縱她生歡

第40章 其實那天,我去了

“你準備賴著凜初到什麽時候?”

安卉新看她完全換了副樣子,覺得好笑。

她靠回病**,悠悠道:“你們兩個都分手了,你是以什麽身份來質問我的呢?”

恭悅希被氣得咬牙,“隻要你肯離開凜初,你可以提條件,我滿足你。”

安卉新掀起眼皮,在她隱忍不發的臉上掃了下,忽然就笑了。

“行啊,你去和爸爸說,讓他把我哥的監護權讓給我。”她道。

恭悅希一下子,呼吸都在抖。

安超傑的監護權一直在安南峰手裏,意思是安南峰可以不管,但關於治療手法,還是要放棄治療,隻有他才有做主的權力。

但這也是安家控製壓下車禍這件事的籌碼,恭悅希當然不敢冒這個險。

她麵白如紙,安卉新冷冷勾起唇角,“你說,萬一顧凜初知道你是個草菅人命的禍害,他會怎麽辦?”

“你不許在凜初麵前提這件事!”恭悅希立刻瘋了一般,“你沒有證據,你敢說,我就告你誹謗!”

安卉新聽到“證據”兩個字,指甲也狠狠切在掌心的肉上。

瞧著恭悅希跳腳的樣子,她靜靜咬著牙,“滾出去吧,要是顧凜初回來看到你這樣,你的形象可就全毀了。”

蘇顏買飯回來的時候,恭悅希已經離開了。

“算她識相。”蘇顏說。

安卉新吃飯的時候,蘇顏在旁邊打電話,最後說了一下醫院的地址。

“誰啊?”安卉新問。

“是安姐,下午來看你。”她說。

安卉新奇怪,“安姐怎麽會知道我在醫院?”

其實仔細想一想,就連蘇顏怎麽知道的她都還搞不清楚。

“這事都上新聞了。”蘇顏告訴她說:“鬧得可大了,你沒聽說?”

蘇顏把手機裏的新聞界麵調出來,遞給了安卉新。

她找到得很快,畢竟隨便點開一個新聞軟件,詞條都在前三。

昨天半夜,顧凜初就收到了警方的消息,說是綁匪已經落網了。

誰知道他們竟然提前就鋪墊好了路。

新聞的標題確實和安卉新記憶中的的名稱相似,都是抨擊顧凜初道德層麵的。

最關鍵的是,今天早上,還有一段以兩位綁匪視角批判此事件的視頻流出。

微博大V轉發,一分鍾之內評論漲了幾千條,都是在罵顧凜初道德敗壞,狼心狗肺,念出來沒一句能入耳。

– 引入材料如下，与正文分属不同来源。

(* Let $N\ge 4$ and write $k(x)=2p(x)$. Then $p(N-2)=1$, $p(N-3)=0$, and for every $x\in\{0,\dots,N-4\}$, $$k(x)=\frac{(N-x)\,(N-x-1-k(x+1))}{(N-x-1)^2-k(x+1)}.$$ Moreover, for every $x\in\{0,\dots,N-2\}$, $2p(x)-1>0$ if $N-x$ is even and $2p(x)-1<0$ if $N-x$ is odd.
   Context: For $\sigma\in\mathcal{S}_N$, $\eta_1(\sigma)$ is the number of fixed points and $\eta_2(\sigma)$ the number of 2-cycles of $\sigma$; $\nu$ is the uniform measure on $\mathcal{S}_N$, and for $x\in\{0,\dots,N\}\setminus\{N-1\}$, $p(x)=\mathbb{E}_\nu[\eta_2\mid\eta_1=x]$. *)

theory Defs
  imports "HOL-Combinatorics.Permutations" Complex_Main
begin

definition SymN :: "nat \<Rightarrow> (nat \<Rightarrow> nat) set" where
  "SymN N = {\<sigma>. \<sigma> permutes {1..N}}"

definition eta1 :: "nat \<Rightarrow> (nat \<Rightarrow> nat) \<Rightarrow> nat" where
  "eta1 N \<sigma> = card {i \<in> {1..N}. \<sigma> i = i}"

definition eta2 :: "nat \<Rightarrow> (nat \<Rightarrow> nat) \<Rightarrow> nat" where
  "eta2 N \<sigma> = card {{i, \<sigma> i} | i. i \<in> {1..N} \<and> \<sigma> i \<noteq> i \<and> \<sigma> (\<sigma> i) = i}"

text \<open>p(x) = E_nu[eta2 | eta1 = x] for nu the uniform measure on S_N:
  average of eta2 over the permutations with exactly x fixed points.\<close>
definition pcond :: "nat \<Rightarrow> nat \<Rightarrow> real" where
  "pcond N x = (\<Sum>\<sigma> \<in> {\<sigma> \<in> SymN N. eta1 N \<sigma> = x}. real (eta2 N \<sigma>))
                 / real (card {\<sigma> \<in> SymN N. eta1 N \<sigma> = x})"

end

theory Submission
  imports Defs "HOL-Computational_Algebra.Formal_Power_Series"
begin

text \<open>Put \<open>m = N - x\<close> and let \<open>D\<^sub>n\<close> be the number of derangements of \<open>n\<close> points. A
  permutation with \<open>x\<close> fixed points is a choice of its fixed set together with a derangement of
  the other \<open>m\<close> points, so there are \<open>C(N,x) D\<^sub>m\<close> of them; counting pairs (permutation,
  2-cycle) by first choosing the 2-cycle gives \<open>C(N,2) C(N-2,x) D\<^sub>m\<^sub>-\<^sub>2\<close>. Hence
  \<open>k(x) = m(m-1) D\<^sub>m\<^sub>-\<^sub>2 / D\<^sub>m\<close>. The recursion for \<open>k\<close> is then a rewriting of
  \<open>D\<^sub>m = (m-1)(D\<^sub>m\<^sub>-\<^sub>1 + D\<^sub>m\<^sub>-\<^sub>2)\<close>, and \<open>D\<^sub>m = m D\<^sub>m\<^sub>-\<^sub>1 + (-1)\<^sup>m\<close> gives
  \<open>k(x) - 1 = (m-1)(-1)\<^sup>m / D\<^sub>m\<close>, whose sign alternates. \<open>D\<^sub>n\<close> is identified with the
  subfactorial \<open>n! \<Sum>\<^sub>j\<^sub>\<le>\<^sub>n (-1)\<^sup>j/j!\<close> through the binomial identity \<open>\<Sum>\<^sub>k C(n,k) D\<^sub>k = n!\<close>.\<close>

definition subfact :: "nat \<Rightarrow> real" where
  "subfact n = fact n * (\<Sum>j\<le>n. (-1)^j / fact j)"

lemma subfact_0 [simp]: "subfact 0 = 1"
  by (simp add: subfact_def)

lemma subfact_Suc: "subfact (Suc n) = real (Suc n) * subfact n + (-1)^Suc n"
proof -
  have "fact (Suc n) * ((-1::real)^Suc n / fact (Suc n)) = (-1)^Suc n" by simp
  moreover have "(fact (Suc n) :: real) = real (Suc n) * fact n" by simp
  ultimately show ?thesis
    unfolding subfact_def by (simp only: sum.atMost_Suc distrib_left mult.assoc)
qed

lemma subfact_1 [simp]: "subfact (Suc 0) = 0"
  by (simp add: subfact_def)

lemma subfact_2 [simp]: "subfact 2 = 1"
  by (simp add: subfact_def numeral_2_eq_2)

lemma subfact_Suc_Suc: "subfact (n + 2) = real (n + 1) * (subfact (n + 1) + subfact n)"
proof -
  have "subfact (n + 2) = real (n + 2) * subfact (n + 1) + (-1)^n"
    using subfact_Suc[of "n + 1"] by simp
  moreover have "subfact (n + 1) = real (n + 1) * subfact n - (-1)^n"
    using subfact_Suc[of n] by simp
  ultimately show ?thesis by (simp add: algebra_simps)
qed

lemma subfact_ge_1: "subfact (n + 2) \<ge> 1"
proof (induction n)
  case (Suc n)
  have "subfact (n + 3) = real (n + 3) * subfact (n + 2) + (-1)^(n + 3)"
    using subfact_Suc[of "n + 2"] by (simp add: eval_nat_numeral)
  moreover have "(-1::real)^(n + 3) \<ge> -1" by (cases "even n") auto
  moreover have "real (n + 3) * subfact (n + 2) \<ge> 3"
    using Suc mult_mono[of 3 "real (n + 3)" 1 "subfact (n + 2)"] by simp
  ultimately show ?case by (simp add: eval_nat_numeral)
qed (simp add: subfact_def)

text \<open>Multiplying the exponential generating function of \<open>subfact\<close>, which is
  \<open>e\<^sup>-\<^sup>x / (1 - x)\<close>, by \<open>e\<^sup>x\<close> gives \<open>1 / (1 - x)\<close>.\<close>
lemma binomial_sum_subfact: "(\<Sum>k\<le>n. real (n choose k) * subfact k) = fact n"
proof -
  define E :: "real fps" where "E = fps_exp (-1) * Abs_fps (\<lambda>_. 1)"
  have E_nth: "fps_nth E k = subfact k / fact k" for k
    unfolding E_def subfact_def fps_mult_nth
    by (simp add: atLeast0AtMost power_minus' divide_simps)
  have "fps_exp 1 * E = Abs_fps (\<lambda>_. 1)"
    unfolding E_def by (simp add: mult.assoc[symmetric] fps_exp_add_mult[symmetric])
  hence "(\<Sum>i=0..n. 1 / fact i * (subfact (n - i) / fact (n - i))) = 1"
    using fps_mult_nth[of "fps_exp 1" E n] by (simp add: E_nth)
  moreover have "(\<Sum>i=0..n. real (n choose i) * subfact (n - i))
      = fact n * (\<Sum>i=0..n. 1 / fact i * (subfact (n - i) / fact (n - i)))"
    by (simp add: sum_distrib_left binomial_fact)
  ultimately have "(\<Sum>i=0..n. real (n choose i) * subfact (n - i)) = fact n"
    by simp
  also have "(\<Sum>i=0..n. real (n choose i) * subfact (n - i)) = (\<Sum>k\<le>n. real (n choose k) * subfact k)"
    by (rule sum.reindex_bij_witness[of _ "\<lambda>i. n - i" "\<lambda>i. n - i"])
       (auto simp: binomial_symmetric[symmetric])
  finally show ?thesis .
qed
(* Let $(X_n)_{n\in\mathbb N}$ be a stationary $\mathbb R^d$-valued process which is $\Theta,r$-multiple mixing with respect to $\mathcal G$, and suppose there is $p\in\mathbb N^*$ with $\sum_{i=0}^\infty i^{2p-2}\Theta(i)<\infty$. Then there is a constant $C>0$ such that for all $f\in\mathcal G$ with $\|f\|_\infty\le1$ and all $n\in\mathbb N^*$, $${\rm E}\Big|\sum_{i=1}^n\big(f(X_i)-{\rm E}f(X_0)\big)\Big|^{2p}\le C\sum_{i=1}^p n^i\,\|f(X_0)-{\rm E}f(X_0)\|_r^i\,\|f-{\rm E}f(X_0)\|_{\mathcal G}^i.$$
   Context: $\mathcal G$ is a vector space of measurable real functions on $\mathbb R^d$ containing the constants, with a seminorm $\|\cdot\|_{\mathcal G}$; $\|\cdot\|_r$ is the $L^r$ norm. Multiple mixing: for integers $i_1,\dots,i_j$ write $i_j^*=i_1+\dots+i_j$. $(X_i)$ is $\Theta,r$-multiple mixing with respect to $\mathcal G$ if $r\in[1,\infty)$, $\Theta:\mathbb N\to\mathbb R_0^+$ is nonincreasing, and for every $p\in\mathbb N^*$ there is $K_p<\infty$ such that $$\big|{\rm Cov}\big(f(X_0)f(X_{i_1^*})\cdots f(X_{i_{q-1}^*}),\,f(X_{i_q^*})f(X_{i_{q+1}^*})\cdots f(X_{i_p^*})\big)\big|\le K_p\|f(X_0)\|_r\|f\|_{\mathcal G}\Theta(i_q)$$ for all $f\in\mathcal G$ with $\|f\|_\infty\le1$ and ${\rm E}f(X_0)=0$, all $i_1,\dots,i_p\in\mathbb N$ and all $q\in\{1,\dots,p\}$. *)

theory Defs
  imports "HOL-Probability.Probability"
begin
lemma continuous_selection_Int_closed_family:
  fixes \<A> :: "'a::{metric_space,second_countable_topology} set set"
    and \<Psi> :: "'a set \<Rightarrow> 'b::real_inner set"
  assumes "finite \<A>" and closed: "\<And>H. H \<in> \<A> \<Longrightarrow> closed H"
    and Int: "\<And>H K. H \<in> \<A> \<Longrightarrow> K \<in> \<A> \<Longrightarrow> H \<inter> K \<in> \<A>"
    and convex: "\<And>H. H \<in> \<A> \<Longrightarrow> convex (\<Psi> H)"
    and nonempty: "\<And>H. H \<in> \<A> \<Longrightarrow> H \<noteq> {} \<Longrightarrow> \<Psi> H \<noteq> {}"
    and mono: "\<And>H K. H \<in> \<A> \<Longrightarrow> K \<in> \<A> \<Longrightarrow> H \<subseteq> K \<Longrightarrow> \<Psi> H \<subseteq> \<Psi> K"
  obtains s where "continuous_on (\<Union>\<A>) s" "\<And>H. H \<in> \<A> \<Longrightarrow> s ` H \<subseteq> \<Psi> H"
proof -
  have "\<exists>s. continuous_on (\<Union>\<F>) s \<and> (\<forall>H\<in>\<F>. s ` H \<subseteq> \<Psi> H)"
    if "\<F> \<subseteq> \<A>" "\<And>H K. H \<in> \<F> \<Longrightarrow> K \<in> \<F> \<Longrightarrow> H \<inter> K \<in> \<F>" for \<F>
    using finite_subset[OF that(1) \<open>finite \<A>\<close>] that
  proof (induction \<F> rule: finite_psubset_induct)
    case (psubset \<F>)
    show ?case
    proof (cases "\<F> = {}")
      case False
      then obtain H where H: "H \<in> \<F>" and H_max: "\<And>K. K \<in> \<F> \<Longrightarrow> H \<subseteq> K \<Longrightarrow> K = H"
        using finite_has_maximal[OF \<open>finite \<F>\<close>] by metis
      define \<G> where "\<G> = \<F> - {H}"
      have "\<G> \<subset> \<F>" "\<G> \<subseteq> \<A>" "insert H \<G> = \<F>"
        using H psubset.prems(1) by (auto simp: \<G>_def)
      have Int_\<G>: "K \<inter> L \<in> \<G>" if "K \<in> \<G>" "L \<in> \<F>" for K L
      proof -
        have "K \<inter> L \<noteq> H"
          using that H_max[of K] by (auto simp: \<G>_def)
        then show ?thesis
          using that psubset.prems(2)[of K L] by (simp add: \<G>_def)
      qed
      then have "\<And>K L. K \<in> \<G> \<Longrightarrow> L \<in> \<G> \<Longrightarrow> K \<inter> L \<in> \<G>"
        using \<open>\<G> \<subset> \<F>\<close> by blast
      then obtain s where s: "continuous_on (\<Union>\<G>) s" "\<And>K. K \<in> \<G> \<Longrightarrow> s ` K \<subseteq> \<Psi> K"
        using psubset.IH[OF \<open>\<G> \<subset> \<F>\<close> \<open>\<G> \<subseteq> \<A>\<close>] by blast
      have "H \<in> \<A>" "finite \<G>"
        using H psubset.prems(1) \<open>finite \<F>\<close> by (auto simp: \<G>_def)
      have "\<Psi> (K \<inter> H) \<subseteq> \<Psi> H" if "K \<in> \<G>" for K
        using mono Int_\<G>[OF that H] \<open>\<G> \<subseteq> \<A>\<close> \<open>H \<in> \<A>\<close> by blast
      moreover have "closed K" if "K \<in> insert H \<G>" for K
        using closed that \<open>\<G> \<subseteq> \<A>\<close> \<open>H \<in> \<A>\<close> by blast
      ultimately show ?thesis
        using continuous_selection_insert[OF \<open>finite \<G>\<close> _ convex[OF \<open>H \<in> \<A>\<close>]
            nonempty[OF \<open>H \<in> \<A>\<close>] Int_\<G>[OF _ H] _ s] \<open>insert H \<G> = \<F>\<close>
        by blast
    qed simp
  qed
  from this[OF order_refl Int] show thesis
    by (metis that)
qed

lemma retract_avoiding_rel_interior_point:
  fixes T :: "'b::euclidean_space set"
  assumes "convex T" "bounded T" "q \<in> rel_interior T"
    and contg: "continuous_on X g" and g: "g ` X \<subseteq> T - {q}"
  obtains g' where "continuous_on X g'" "g' ` X \<subseteq> rel_frontier T"
    "\<And>x. x \<in> X \<Longrightarrow> g x \<in> rel_frontier T \<Longrightarrow> g' x = g x"
proof -
  obtain r where r: "retraction (affine hull T - {q}) (rel_frontier T) r"
    using rel_frontier_retract_of_punctured_affine_hull[OF assms(2,1,3)]
    unfolding retract_of_def by blast
  then have r_cont: "continuous_on (affine hull T - {q}) r"
    and r_img: "r ` (affine hull T - {q}) \<subseteq> rel_frontier T"
    and r_id: "\<And>y. y \<in> rel_frontier T \<Longrightarrow> r y = y"
    by (auto simp: retraction_def)
  have g_hull: "g ` X \<subseteq> affine hull T - {q}"
    using g by (auto intro: hull_inc)
  show thesis
  proof (rule that[of "\<lambda>x. r (g x)"])
    show "continuous_on X (\<lambda>x. r (g x))"
      by (rule continuous_on_compose2[OF r_cont contg g_hull])
    show "(\<lambda>x. r (g x)) ` X \<subseteq> rel_frontier T"
      using r_img g_hull by blast
    show "r (g x) = g x" if "g x \<in> rel_frontier T" for x
      using r_id[OF that] .
  qed
qed

lemma polytope_mem_rel_interior_face:
  fixes S :: "'a::euclidean_space set"
  assumes "polytope S" "x \<in> S"
  shows "\<exists>F. F face_of S \<and> x \<in> rel_interior F"
  using assms
proof (induction "nat (aff_dim S + 1)" arbitrary: S rule: less_induct)
  case less
  have "convex S" "closed S"
    using less.prems(1) polytope_imp_convex polytope_imp_closed by auto
  show ?case
  proof (cases "x \<in> rel_interior S")
    case True
    then show ?thesis
      using face_of_refl[OF \<open>convex S\<close>] by blast
  next
    case False
    then have "x \<in> rel_frontier S"
      using less.prems(2) closure_closed[OF \<open>closed S\<close>] by (simp add: rel_frontier_def)
    then obtain G where G: "G face_of S" "G \<noteq> S" "x \<in> G"
      unfolding rel_frontier_of_polyhedron_alt[OF polytope_imp_polyhedron[OF less.prems(1)]] by blast
    have "aff_dim G < aff_dim S"
      using face_of_aff_dim_lt[OF \<open>convex S\<close> G(1,2)] .
    then have "nat (aff_dim G + 1) < nat (aff_dim S + 1)"
      using aff_dim_geq[of G] by linarith
    then obtain F where "F face_of G" "x \<in> rel_interior F"
      using less.hyps face_of_polytope_polytope[OF less.prems(1) G(1)] G(3) by blast
    then show ?thesis
      using face_of_trans[OF _ G(1)] by blast
  qed
qed

locale face_lattice_iso =
  fixes P :: "'a::euclidean_space set" and Q :: "'b::euclidean_space set"
    and \<phi> :: "'a set \<Rightarrow> 'b set"
  assumes polytope_P: "polytope P" and polytope_Q: "polytope Q"
    and bij: "bij_betw \<phi> {F. F face_of P} {G. G face_of Q}"
    and \<phi>_subset_iff: "\<And>F F'. F face_of P \<Longrightarrow> F' face_of P \<Longrightarrow> F \<subseteq> F' \<longleftrightarrow> \<phi> F \<subseteq> \<phi> F'"
begin

definition \<psi> :: "'b set \<Rightarrow> 'a set"
  where "\<psi> = inv_into {F. F face_of P} \<phi>"

lemma face_of_\<phi>: "F face_of P \<Longrightarrow> \<phi> F face_of Q"
  using bij by (auto dest: bij_betwE)

lemma face_of_\<psi>: "G face_of Q \<Longrightarrow> \<psi> G face_of P"
  using bij_betw_inv_into[OF bij] by (auto simp: \<psi>_def dest: bij_betwE)

lemma \<phi>_\<psi>: "G face_of Q \<Longrightarrow> \<phi> (\<psi> G) = G"
  using bij by (simp add: \<psi>_def bij_betw_inv_into_right)

lemma \<psi>_\<phi>: "F face_of P \<Longrightarrow> \<psi> (\<phi> F) = F"
  using bij by (simp add: \<psi>_def bij_betw_inv_into_left)

lemma \<psi>_subset_iff: "G face_of Q \<Longrightarrow> G' face_of Q \<Longrightarrow> \<psi> G \<subseteq> \<psi> G' \<longleftrightarrow> G \<subseteq> G'"
  using \<phi>_subset_iff[OF face_of_\<psi> face_of_\<psi>] by (simp add: \<phi>_\<psi>)

lemma \<phi>_empty: "\<phi> {} = {}"
proof -
  have "\<phi> {} \<subseteq> \<phi> (\<psi> {})"
    using \<phi>_subset_iff[OF empty_face_of face_of_\<psi>[OF empty_face_of]] by simp
  then show ?thesis
    by (simp add: \<phi>_\<psi>)
qed

lemma \<phi>_eq_empty_iff: "F face_of P \<Longrightarrow> \<phi> F = {} \<longleftrightarrow> F = {}"
  by (metis \<phi>_empty \<psi>_\<phi> empty_face_of)

lemma \<phi>_top: "\<phi> P = Q"
proof -
  have "P face_of P" "Q face_of Q"
    using polytope_P polytope_Q by (simp_all add: face_of_refl polytope_imp_convex)
  then have "\<phi> (\<psi> Q) \<subseteq> \<phi> P"
    using \<phi>_subset_iff[OF face_of_\<psi>] face_of_imp_subset[OF face_of_\<psi>] by blast
  then show ?thesis
    using face_of_imp_subset[OF face_of_\<phi>[OF \<open>P face_of P\<close>]] \<phi>_\<psi>[OF \<open>Q face_of Q\<close>] by blast
qed

lemma \<phi>_vertex:
  assumes "v extreme_point_of P"
  obtains w where "\<phi> {v} = {w}"
proof -
  have v: "{v} face_of P"
    using assms by (simp add: face_of_singleton)
  then have "\<phi> {v} face_of Q" "\<phi> {v} \<noteq> {}"
    using face_of_\<phi> \<phi>_eq_empty_iff by auto
  then obtain w where w: "w extreme_point_of \<phi> {v}"
    using extreme_point_exists_convex face_of_imp_compact face_of_imp_convex
      polytope_imp_compact polytope_imp_convex polytope_Q by metis
  then have "{w} face_of Q"
    using face_of_trans \<open>\<phi> {v} face_of Q\<close> face_of_singleton by blast
  have "\<psi> {w} \<subseteq> \<psi> (\<phi> {v})"
    using \<psi>_subset_iff[OF \<open>{w} face_of Q\<close> \<open>\<phi> {v} face_of Q\<close>] w by (simp add: extreme_point_of_def)
  moreover have "\<psi> {w} \<noteq> {}"
    using \<phi>_\<psi>[OF \<open>{w} face_of Q\<close>] \<phi>_empty by force
  ultimately have "\<psi> {w} = {v}"
    using \<psi>_\<phi>[OF v] by (auto simp: subset_singleton_iff)
  then have "\<phi> {v} = {w}"
    using \<phi>_\<psi>[OF \<open>{w} face_of Q\<close>] by simp
  then show thesis
    by (rule that)
qed

lemma proper_face_of_\<phi>:
  assumes "F face_of P" "H face_of F" "H \<noteq> F"
  shows "\<phi> H face_of \<phi> F" "\<phi> H \<noteq> \<phi> F"
proof -
  have "H face_of P"
    using assms face_of_trans by blast
  then have "\<phi> H \<subseteq> \<phi> F"
    using \<phi>_subset_iff[OF _ \<open>F face_of P\<close>] face_of_imp_subset[OF \<open>H face_of F\<close>] by blast
  then show "\<phi> H face_of \<phi> F"
    using face_of_subset face_of_\<phi> face_of_imp_subset \<open>H face_of P\<close> \<open>F face_of P\<close> by metis
  show "\<phi> H \<noteq> \<phi> F"
    using \<psi>_\<phi> \<open>H face_of P\<close> \<open>F face_of P\<close> \<open>H \<noteq> F\<close> by metis
qed

lemma proper_face_of_\<psi>:
  assumes "F face_of P" "G face_of \<phi> F" "G \<noteq> \<phi> F"
  shows "\<psi> G face_of F" "\<psi> G \<noteq> F"
proof -
  have "G face_of Q"
    using assms face_of_trans face_of_\<phi> by blast
  then have "\<psi> G \<subseteq> F"
    using \<psi>_subset_iff[OF _ face_of_\<phi>[OF \<open>F face_of P\<close>]] \<psi>_\<phi>[OF \<open>F face_of P\<close>]
      face_of_imp_subset[OF \<open>G face_of \<phi> F\<close>] by metis
  then show "\<psi> G face_of F"
    using face_of_subset face_of_\<psi>[OF \<open>G face_of Q\<close>] face_of_imp_subset[OF \<open>F face_of P\<close>] by blast
  show "\<psi> G \<noteq> F"
    using \<phi>_\<psi>[OF \<open>G face_of Q\<close>] \<open>G \<noteq> \<phi> F\<close> by blast
qed

lemma continuous_inverse_selection:
  obtains s where "continuous_on Q s" "\<And>G. G face_of Q \<Longrightarrow> s ` G \<subseteq> \<psi> G"
proof (rule continuous_selection_Int_closed_family[of "{G. G face_of Q}" \<psi>])
  show "finite {G. G face_of Q}"
    by (rule finite_polytope_faces[OF polytope_Q])
  show "closed G" if "G \<in> {G. G face_of Q}" for G
    using that face_of_imp_closed polytope_Q polytope_imp_convex polytope_imp_closed by blast
  show "H \<inter> K \<in> {G. G face_of Q}" if "H \<in> {G. G face_of Q}" "K \<in> {G. G face_of Q}" for H K
    using that face_of_Int by blast
  show "convex (\<psi> G)" if "G \<in> {G. G face_of Q}" for G
    using that face_of_\<psi> face_of_imp_convex by blast
  show "\<psi> G \<noteq> {}" if "G \<in> {G. G face_of Q}" "G \<noteq> {}" for G
    using that \<phi>_\<psi> \<phi>_empty by force
  show "\<psi> G \<subseteq> \<psi> K" if "G \<in> {G. G face_of Q}" "K \<in> {G. G face_of Q}" "G \<subseteq> K" for G K
    using that \<psi>_subset_iff by blast
next
  fix s
  assume s: "continuous_on (\<Union>{G. G face_of Q}) s"
    "\<And>G. G \<in> {G. G face_of Q} \<Longrightarrow> s ` G \<subseteq> \<psi> G"
  have "\<Union>{G. G face_of Q} = Q"
    using face_of_refl[OF polytope_imp_convex[OF polytope_Q]] face_of_imp_subset by blast
  show thesis
  proof (rule that)
    show "continuous_on Q s"
      using s(1) \<open>\<Union>{G. G face_of Q} = Q\<close> by simp
    show "s ` G \<subseteq> \<psi> G" if "G face_of Q" for G
      using s(2) that by blast
  qed
qed

lemma selection_rel_frontier:
  assumes s: "\<And>G. G face_of Q \<Longrightarrow> s ` G \<subseteq> \<psi> G" and F: "F face_of P"
    and y: "y \<in> rel_frontier (\<phi> F)"
  shows "s y \<in> rel_frontier F"
proof -
  have "polytope (\<phi> F)"
    using face_of_polytope_polytope[OF polytope_Q face_of_\<phi>[OF F]] .
  then obtain G where G: "G face_of \<phi> F" "G \<noteq> \<phi> F" "y \<in> G"
    using y
    unfolding rel_frontier_of_polyhedron_alt[OF polytope_imp_polyhedron[OF \<open>polytope (\<phi> F)\<close>]]
    by blast
  then have "s y \<in> \<psi> G"
    using s[OF face_of_trans[OF G(1) face_of_\<phi>[OF F]]] by blast
  then show ?thesis
    using face_of_subset_rel_frontier proper_face_of_\<psi>[OF F G(1,2)] by blast
qed
lemma squarefree_dvdI:
  fixes n m :: "'a::factorial_semiring"
  assumes sq: "squarefree n" and primes: "\<And>p. prime p \<Longrightarrow> p dvd n \<Longrightarrow> p dvd m"
  shows "n dvd m"
proof (cases "m = 0")
  case False
  have n0: "n \<noteq> 0" using sq by auto
  show ?thesis
  proof (rule multiplicity_le_imp_dvd[OF n0])
    fix p :: 'a assume p: "prime p"
    show "multiplicity p n \<le> multiplicity p m"
    proof (cases "p dvd n")
      case True
      then have "multiplicity p n \<le> 1" using sq n0 p by (simp add: squarefree_factorial_semiring'')
      moreover have "0 < multiplicity p m"
        using False p primes[OF p True] by (subst multiplicity_gt_zero_iff) (auto simp: not_prime_unit)
      ultimately show ?thesis by simp
    qed (simp add: not_dvd_imp_multiplicity_0)
  qed
qed simp

lemma qcong_squarefree:
  assumes "squarefree N" and "\<And>q. prime q \<Longrightarrow> q dvd N \<Longrightarrow> qcong q x y"
  shows "qcong N x y"
  using assms squarefree_dvdI[OF assms(1), of "nat \<bar>fst x - fst y\<bar>"]
    squarefree_dvdI[OF assms(1), of "nat \<bar>snd x - snd y\<bar>"]
  by (simp add: qcong_def cong_iff_dvd_diff)

lemma squarefree_coprime_div_prime:
  assumes "squarefree (N::nat)" "prime q" "q dvd N"
  shows "coprime q (N div q)"
proof (rule prime_imp_coprime[OF assms(2)], rule notI)
  assume "q dvd N div q"
  then have "q * q dvd q * (N div q)" by simp
  also have "q * (N div q) = N" using assms(3) by simp
  finally have "q ^ 2 dvd N" by (simp add: power2_eq_square)
  then show False using assms(1,2) by (auto dest: squarefreeD)
qed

等顧凜初回到病房,安卉新試探了一下,才發現他早就知道了。

“你有沒有查出,是誰幹的?”

有關於第三人參與綁架案的事情,安卉新一早就和顧凜初提過了,到現在就越來越可疑。

若是沒有暗箱操作,就算是事件上了新聞,也不可能一下子擁有這麽高的熱度。

“還沒有。”顧凜初回答。

這種新聞一出,集團的股票肯定會受到影響。

安卉新躲在門口聽顧凜初打電話,他在讓莫寒聯係人把熱度壓下去。

傅安若從電梯出來,正好看見弟弟放下了手機。

“卉新怎麽樣了?我看看她。”傅安若走到病房門口,被顧凜初攔下了。

“沒什麽事,剛吃完飯。”

傅安若:“她受傷了嗎?”

“傷得不重。”顧凜初走到樓梯間裏,轉身麵對傅安若說。

傅安若挺不滿他這態度的,“再不重她也肯定受到了驚嚇,你想想怎麽補償人家吧。”

“我會的。”顧凜初說。

“卉新是個好孩子,你就算不喜歡她也要上點心。”傅安若又說。

顧凜初臉色微微不耐,“你想讓我怎麽做?對她負責,和她結婚?”

傅安若不明白為什麽弟弟突然冷了臉,她發現,隻要是有關於安卉新的事情,顧凜初就會變得和往常不一樣。

“我去看看她。”

傅安若說完,直奔病房,門剛被推開,她就看到了坐在沙發上的顧遇宸。

“你不是在別的省市出差嗎?”傅安若奇怪。

顧凜初隨後跟著進來。

顧遇宸麵對著他冰冷的神色,淡淡回應,“回來了,車正好開到了這裏,路過,上來看看。”

傅安若簡單問候了幾句就不想耽誤安卉新休息了。

起身後,顧遇宸再次看向安卉新受傷的位置,“疼不疼?”

“沒多疼。”安卉新說。

顧遇宸偏偏追問:“沒多疼是有多疼?”

這怎麽說呀?

安卉新皺皺眉頭,無奈道:“要不你也燙一下?就知道了。”

傅安若帶著顧遇宸離開了,還再次叮囑顧凜初要好好補償安卉新。

“聽到沒有?安姐讓你補償我呢。”病房門關上,安卉新又重複了一遍。

顧凜初看著她,“你想要什麽?”

安卉新的眼珠轉了轉,“凜盛集團新的項目,你讓我參與吧。”

顧凜初沒有想到她會提出這個要求。

如今的項目事關凜盛集團的新產品,參與做決策的基本上都是高層。

“你想幹什麽?”他微斂雙目。

安卉新說得輕巧,“你不是要跟安家合作嗎?我也是安家人啊,合情合理。”

顧凜初道:“我考慮一下。”

安卉新:“不跟我結婚,就讓我進項目組,你選一個。”

顧凜初:“你倒是會提要求。”

“我總得撈點好處吧,不然白擔驚受怕了。”

安卉新說完,抬眼看了一下顧凜初,他緊抿著薄唇,下頜處的線條清晰可見。

片刻後,他道:“其實那天,我去了。”

安卉新皺眉看向他。

“綁匪沒有直接聯係我,而是給莫寒打的電話,他們要的錢是現金,太多,銀行數就要數上半天。”

“你們所在的地方信號弱,我打了很多電話都打不通。”

“我留在銀行,警方帶著白楓錦去找人,他的車和我的車分別停放在野地外不同的位置,而他距離你近了將近一百米。”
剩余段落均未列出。